Last night I came home from a bar to rediscover the following:
- A Grand Funk Railroad record lying alone in the middle of our dining room table.
- A disassembled Santa suit strewn across the spare room.
- Underwear stashed in my handbag.
- A tiny picture of the Canadian flag tucked inside my bra.2
All I’m going to say is that this is what happens when the beau’s rugby team puts on a scavenger hunt.
I have this well-worn habit of feigning collapse at well-timed moments, just to try to get a laugh. Yesterday, I was perched on the arm of a comfortable old leather chair when I had one of those such moments. I let myself fall backwards dramatically and, conveniently forgetting there was another arm on the chair, promptly cracked the base of my skull on it.
Now my brain hurts.
LESSON. CONSIDER YOURSELF LEARNED.
1 We also often get letters from Beau’s uncle, who shares stories from his childhood days back in Pittsburgh (“Of course, in those days the steel mills were still going.”). I never fail to think of Robin when I read these tales. Unfortunately, he is also an evangelist who sends us books by Rev. Billy Graham, so. You win some, you lose some.

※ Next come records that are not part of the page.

(* For any $\theta=(B,\Omega)$ and $\psi_i=(m_i,s_i)$, with $\Sigma=\Omega^{-1}$, $\big[\nabla_{\mathrm{vec}(B)\mathrm{vec}(B)}J_i-\nabla_{\mathrm{vec}(B)\psi_i}J_i(\nabla_{\psi_i\psi_i}J_i)^{-1}\nabla_{\psi_i\mathrm{vec}(B)}J_i\big](\theta,\psi_i)=-\Big(\Sigma+D_{\tilde a_i}^{-1}+D_{s_i}^4\big(I_p+D_{s_i}^2(D_{\tilde a_i}+\Omega_D)\big)^{-1}\Big)^{-1}\otimes(x_ix_i^\top)$.
   Context: PLN model, observation $i$ with counts $Y_i\in\mathbb N^p$, covariate $x_i\in\mathbb R^m$, offset $o_i\in\mathbb R^p$; $B\in\mathcal M_{m,p}(\mathbb R)$ (columns $B_j$), $\Omega$ symmetric positive definite. Variational parameter $\psi_i=(m_i,s_i)\in\mathbb R^p\times(0,\infty)^p$. Single-observation ELBO: $J_i(\theta,\psi_i)=Y_i^\top(o_i+m_i+B^\top x_i)-\tilde a_i^\top1_p-\sum_j\log(Y_{ij}!)+\frac12\log|\Omega|-\frac12m_i^\top\Omega m_i-\frac12\mathrm{diag}(\Omega)^\top s_i^2+\sum_j\log s_{ij}+\frac p2$, $\tilde a_{ij}=\exp(o_{ij}+x_i^\top B_j+m_{ij}+s_{ij}^2/2)$. $\mathrm{vec}(B)$ stacks the columns of $B$. Notation: $D_v=\mathrm{Diag}(v)$, $\Omega_D=I_p\odot\Omega$ (diagonal part of $\Omega$), $\otimes$ Kronecker product. *)

theory Defs
  imports "HOL-Analysis.Analysis"
begin

definition Diag :: "real^'n \<Rightarrow> real^'n^'n" where
  "Diag v = (\<chi> i j. if i = j then v $ i else 0)"

definition diag_part :: "real^'n^'n \<Rightarrow> real^'n^'n" where
  "diag_part A = (\<chi> i j. if i = j then A $ i $ j else 0)"

text \<open>Kronecker product A (x) C, rows/columns indexed by pairs (j,k), j the outer (block) index.
  With vec(B) indexed by (j,k) ~ B_{kj} (columns stacked), this is the usual Kronecker product.\<close>
definition kron :: "real^'a^'a \<Rightarrow> real^'b^'b \<Rightarrow> real^('a \<times> 'b)^('a \<times> 'b)" where
  "kron A C = (\<chi> u v. A $ fst u $ fst v * C $ snd u $ snd v)"

definition partial :: "(real^'n \<Rightarrow> real) \<Rightarrow> 'n \<Rightarrow> real^'n \<Rightarrow> real" where
  "partial f i x = deriv (\<lambda>t. f (x + t *\<^sub>R axis i 1)) 0"

definition hessian :: "(real^'n \<Rightarrow> real) \<Rightarrow> real^'n \<Rightarrow> real^'n^'n" where
  "hessian f x = (\<chi> i j. partial (partial f j) i x)"

definition atil :: "real^'m \<Rightarrow> real^'p \<Rightarrow> real^'p^'m \<Rightarrow> real^'p \<Rightarrow> real^'p \<Rightarrow> real^'p" where
  "atil x off B mu s = (\<chi> j. exp (off $ j + (\<Sum>k\<in>UNIV. x $ k * B $ k $ j) + mu $ j + (s $ j)^2 / 2))"

definition elbo :: "nat^'p \<Rightarrow> real^'m \<Rightarrow> real^'p \<Rightarrow> real^'p^'m \<Rightarrow> real^'p^'p \<Rightarrow> real^'p \<Rightarrow> real^'p \<Rightarrow> real" where
  "elbo Y x off B Om mu s =
     (\<Sum>j\<in>UNIV. real (Y $ j) * (off $ j + mu $ j + (\<Sum>k\<in>UNIV. x $ k * B $ k $ j)))
     - (\<Sum>j\<in>UNIV. atil x off B mu s $ j)
     - (\<Sum>j\<in>UNIV. ln (fact (Y $ j)))
     + ln (det Om) / 2
     - (mu \<bullet> (Om *v mu)) / 2
     - (\<Sum>j\<in>UNIV. Om $ j $ j * (s $ j)^2) / 2
     + (\<Sum>j\<in>UNIV. ln (s $ j))
     + real CARD('p) / 2"

text \<open>Joint variable z = (vec(B), (m_i, s_i)): z $ Inl (j,k) = B_{kj},
  z $ Inr (Inl j) = m_ij, z $ Inr (Inr j) = s_ij.\<close>
definition unB :: "real^(('p::finite \<times> 'm::finite) + ('p + 'p)) \<Rightarrow> real^'p^'m" where
  "unB z = (\<chi> k j. z $ Inl (j, k))"
definition unM :: "real^(('p::finite \<times> 'm::finite) + ('p + 'p)) \<Rightarrow> real^'p" where
  "unM z = (\<chi> j. z $ Inr (Inl j))"
definition unS :: "real^(('p::finite \<times> 'm::finite) + ('p + 'p)) \<Rightarrow> real^'p" where
  "unS z = (\<chi> j. z $ Inr (Inr j))"

definition joint :: "real^'p::finite^'m::finite \<Rightarrow> real^'p \<Rightarrow> real^'p \<Rightarrow> real^(('p \<times> 'm) + ('p + 'p))" where
  "joint B mu s = (\<chi> a. case a of Inl (j, k) \<Rightarrow> B $ k $ j
                               | Inr (Inl j) \<Rightarrow> mu $ j | Inr (Inr j) \<Rightarrow> s $ j)"

definition elbo_joint :: "nat^'p::finite \<Rightarrow> real^'m \<Rightarrow> real^'p \<Rightarrow> real^'p^'p
                          \<Rightarrow> real^(('p \<times> 'm) + ('p + 'p)) \<Rightarrow> real" where
  "elbo_joint Y x off Om z = elbo Y x off (unB z) Om (unM z) (unS z)"

definition hBB :: "real^('a::finite + 'b::finite)^('a + 'b) \<Rightarrow> real^'a^'a" where
  "hBB H = (\<chi> u v. H $ Inl u $ Inl v)"
definition hBP :: "real^('a::finite + 'b::finite)^('a + 'b) \<Rightarrow> real^'b^'a" where
  "hBP H = (\<chi> u v. H $ Inl u $ Inr v)"
definition hPB :: "real^('a::finite + 'b::finite)^('a + 'b) \<Rightarrow> real^'a^'b" where
  "hPB H = (\<chi> u v. H $ Inr u $ Inl v)"
definition hPP :: "real^('a::finite + 'b::finite)^('a + 'b) \<Rightarrow> real^'b^'b" where
  "hPP H = (\<chi> u v. H $ Inr u $ Inr v)"

end

theory Submission
  imports Defs
begin

(* For s > 0 the ELBO is smooth in z = (vec B, m, s), and differentiating it twice shows that its
   Hessian is
     -(J^T D_a J + diag(0, C)),   C = diag(Omega, D_F),   F = a + diag Omega + 1/s^2,
   where a = atil and J = [I_p (x) x^T | I_p | D_s] is the Jacobian of log a with respect to z.
   With P = I_p (x) x^T and U = [I_p | D_s], the Schur complement of the variational block is
   -P^T (D_a - D_a U (C + U^T D_a U)^-1 U^T D_a) P, which by the Woodbury identity equals
   -P^T (D_a^-1 + U C^-1 U^T)^-1 P.  Finally U C^-1 U^T = Sigma + D_s^2 D_F^-1
   = Sigma + D_s^4 (I + D_s^2 (D_a + Omega_D))^-1 and P^T M P = M (x) x x^T.  All inverses exist
   because Omega, D_a and D_F are positive definite. *)

section \<open>Matrix inverses and the Woodbury identity\<close>

lemma matrix_inv_right:
  fixes A :: "'a::field^'n^'n"
  assumes "invertible A"
  shows "A ** matrix_inv A = mat 1"
  using someI_ex[OF assms[unfolded invertible_def]] by (simp add: matrix_inv_def)

lemma matrix_inv_left:
  fixes A :: "'a::field^'n^'n"
  assumes "invertible A"
  shows "matrix_inv A ** A = mat 1"
  using someI_ex[OF assms[unfolded invertible_def]] by (simp add: matrix_inv_def)

lemma invertible_iff_right_inverse:
  fixes A :: "'a::field^'n^'n"
  shows "invertible A \<longleftrightarrow> (\<exists>X. A ** X = mat 1)"
  using invertible_def matrix_left_right_inverse by blast

lemma matrix_inv_unique:
  fixes A X :: "'a::field^'n^'n"
  assumes "A ** X = mat 1"
  shows "matrix_inv A = X"
proof -
  have inv: "invertible A"
    using assms invertible_iff_right_inverse by blast
  have "matrix_inv A = matrix_inv A ** (A ** X)" by (simp add: assms)
  also have "\<dots> = X" by (simp add: matrix_mul_assoc matrix_inv_left[OF inv])
  finally show ?thesis .
qed

lemma invertible_matrix_inv:
  fixes A :: "'a::field^'n^'n"
  assumes "invertible A"
  shows "invertible (matrix_inv A)" and "matrix_inv (matrix_inv A) = A"
  using matrix_inv_left[OF assms] by (auto simp: invertible_iff_right_inverse intro: matrix_inv_unique)

lemma matrix_mul_uminus_left: "(- A) ** B = - (A ** (B :: 'a::ring_1^_^_))"
  by (simp add: vec_eq_iff matrix_matrix_mult_def sum_negf)

lemma matrix_mul_uminus_right: "A ** (- B) = - (A ** (B :: 'a::ring_1^_^_))"
  by (simp add: vec_eq_iff matrix_matrix_mult_def sum_negf)

lemma matrix_add_rdistrib: "(A + B) ** C = A ** C + B ** (C :: 'a::semiring_1^_^_)"
  by (simp add: vec_eq_iff matrix_matrix_mult_def sum.distrib distrib_right)

lemma matrix_diff_rdistrib: "(A - B) ** C = A ** C - B ** (C :: 'a::ring_1^_^_)"
  by (simp add: vec_eq_iff matrix_matrix_mult_def sum_subtractf left_diff_distrib)

lemma matrix_diff_ldistrib: "A ** (B - C) = A ** B - A ** (C :: 'a::ring_1^_^_)"
  by (simp add: vec_eq_iff matrix_matrix_mult_def sum_subtractf right_diff_distrib)

lemma matrix_inv_uminus:
  fixes A :: "'a::field^'n^'n"
  assumes "invertible A"
  shows "matrix_inv (- A) = - matrix_inv A"
  by (rule matrix_inv_unique)
    (simp add: matrix_mul_uminus_left matrix_mul_uminus_right matrix_inv_right[OF assms])

lemma woodbury_identity:
  fixes A :: "'a::field^'n^'n" and C :: "'a^'q^'q" and U :: "'a^'q^'n" and V :: "'a^'n^'q"
  assumes A: "invertible A" and C: "invertible C"
    and K: "invertible (matrix_inv C + V ** matrix_inv A ** U)"
  shows "matrix_inv (A + U ** C ** V)
    = matrix_inv A - matrix_inv A ** U ** matrix_inv (matrix_inv C + V ** matrix_inv A ** U) ** V ** matrix_inv A"
proof (rule matrix_inv_unique)
  let ?Ai = "matrix_inv A" and ?Ci = "matrix_inv C"
  let ?K = "?Ci + V ** ?Ai ** U"
  let ?Ki = "matrix_inv ?K"
  have cancel_A: "X ** A ** ?Ai = X" and cancel_C: "Y ** C ** ?Ci = Y" and cancel_K: "Y ** ?K ** ?Ki = Y"
    for X :: "'a^'n^'n" and Y :: "'a^'q^'n"
    by (metis matrix_inv_right[OF A] matrix_mul_assoc matrix_mul_rid,
        metis matrix_inv_right[OF C] matrix_mul_assoc matrix_mul_rid,
        metis matrix_inv_right[OF K] matrix_mul_assoc matrix_mul_rid)
  have "U ** ?Ki + U ** C ** V ** ?Ai ** U ** ?Ki = U ** C"
    using cancel_K[of "U ** C"] by (simp add: matrix_add_ldistrib matrix_add_rdistrib matrix_mul_assoc cancel_C)
  then have key: "U ** C ** V ** ?Ai ** U ** ?Ki = U ** C - U ** ?Ki"
    by (simp add: algebra_simps)
  show "(A + U ** C ** V) ** (?Ai - ?Ai ** U ** ?Ki ** V ** ?Ai) = mat 1"
    by (simp add: matrix_add_rdistrib matrix_diff_ldistrib matrix_diff_rdistrib matrix_mul_assoc
        matrix_inv_right[OF A] cancel_A key)
qed

lemma schur_complement_woodbury:
  fixes D :: "'a::field^'n^'n" and C :: "'a^'q^'q" and P :: "'a^'m^'n" and U :: "'a^'q^'n"
  assumes D: "invertible D" and C: "invertible C" and N: "invertible (C + transpose U ** D ** U)"
  shows "- (transpose P ** D ** P)
           - (- (transpose P ** D ** U)) ** matrix_inv (- (C + transpose U ** D ** U)) ** (- (transpose U ** D ** P))
         = - (transpose P ** matrix_inv (matrix_inv D + U ** matrix_inv C ** transpose U) ** P)"
proof -
  have "matrix_inv (matrix_inv D + U ** matrix_inv C ** transpose U)
      = D - D ** U ** matrix_inv (C + transpose U ** D ** U) ** transpose U ** D"
    using woodbury_identity[of "matrix_inv D" "matrix_inv C" "transpose U" U] N
    by (simp add: invertible_matrix_inv D C)
  then show ?thesis
    unfolding matrix_inv_uminus[OF N]
    by (simp add: matrix_mul_uminus_left matrix_mul_uminus_right
        matrix_diff_ldistrib matrix_diff_rdistrib matrix_mul_assoc)
qed

definition pos_definite :: "real^'n^'n \<Rightarrow> bool" where
  "pos_definite A \<longleftrightarrow> (\<forall>v. v \<noteq> 0 \<longrightarrow> 0 < v \<bullet> (A *v v))"

definition pos_semidefinite :: "real^'n^'n \<Rightarrow> bool" where
  "pos_semidefinite A \<longleftrightarrow> (\<forall>v. 0 \<le> v \<bullet> (A *v v))"

lemma pos_definite_imp_semidefinite: "pos_definite A \<Longrightarrow> pos_semidefinite A"
  unfolding pos_definite_def pos_semidefinite_def by (metis inner_zero_left order.refl less_imp_le)

lemma pos_definite_invertible:
  assumes "pos_definite A"
  shows "invertible A"
proof -
  have "\<forall>v. A *v v = 0 \<longrightarrow> v = 0"
    using assms unfolding pos_definite_def by (metis inner_zero_right less_irrefl)
  then show ?thesis
    by (simp add: invertible_left_inverse matrix_left_invertible_ker)
qed

lemma pos_definite_diag_pos:
  assumes "pos_definite A"
  shows "0 < A $ j $ j"
  using assms[unfolded pos_definite_def, rule_format, of "axis j 1"]
  by (simp add: inner_axis' matrix_vector_mult_basis column_def)

lemma pos_definite_add_semidefinite:
  "pos_definite A \<Longrightarrow> pos_semidefinite B \<Longrightarrow> pos_definite (A + B)"
  unfolding pos_definite_def pos_semidefinite_def
  by (simp add: matrix_vector_mult_add_rdistrib inner_add_right add_pos_nonneg)

lemma pos_semidefinite_congruence:
  assumes "pos_semidefinite D"
  shows "pos_semidefinite (transpose U ** D ** U)"
proof -
  have "v \<bullet> ((transpose U ** D ** U) *v v) = (U *v v) \<bullet> (D *v (U *v v))" for v
  proof -
    have "v \<bullet> ((transpose U ** D ** U) *v v) = ((D *v (U *v v)) v* U) \<bullet> v"
      by (simp add: matrix_vector_mul_assoc[symmetric] inner_commute)
    also have "\<dots> = (U *v v) \<bullet> (D *v (U *v v))"
      by (metis dot_lmul_matrix inner_commute)
    finally show ?thesis .
  qed
  then show ?thesis
    using assms by (simp add: pos_semidefinite_def)
qed

lemma Diag_mult_left: "Diag u ** A = (\<chi> i j. u $ i * A $ i $ j)"
  by (simp add: vec_eq_iff matrix_matrix_mult_def Diag_def if_distrib [of "\<lambda>x. x * _"] cong: if_cong)

lemma Diag_mult_right: "A ** Diag u = (\<chi> i j. A $ i $ j * u $ j)"
  by (simp add: vec_eq_iff matrix_matrix_mult_def Diag_def if_distrib [of "\<lambda>x. _ * x"] cong: if_cong)

lemma Diag_mult_vector: "Diag u *v w = u * w"
  by (simp add: vec_eq_iff matrix_vector_mult_def Diag_def if_distrib [of "\<lambda>x. x * _"] cong: if_cong)

lemma Diag_mult_Diag: "Diag u ** Diag v = Diag (u * v)"
  unfolding Diag_mult_left by (simp add: vec_eq_iff Diag_def)

lemma transpose_Diag [simp]: "transpose (Diag u) = Diag u"
  by (simp add: vec_eq_iff transpose_def Diag_def)

lemma mat_1_eq_Diag: "mat 1 = Diag 1"
  by (simp add: vec_eq_iff mat_def Diag_def)

lemma diag_part_eq_Diag: "diag_part A = Diag (\<chi> j. A $ j $ j)"
  by (simp add: vec_eq_iff diag_part_def Diag_def)

lemma add_Diag: "Diag u + Diag v = Diag (u + v)"
  by (simp add: vec_eq_iff Diag_def)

2 It’s so easy to forget things inside of bras. A few years ago, after a red eye flight back from Maui, I arrived home bleary-eyed at 7:30 a.m. and began peeling off my clothes to go to bed when a $20 bill and two quarters fell out of my bra. That’s probably the most lucrative personal bra recovery to date. Even counting the little plastic army man I once found in there.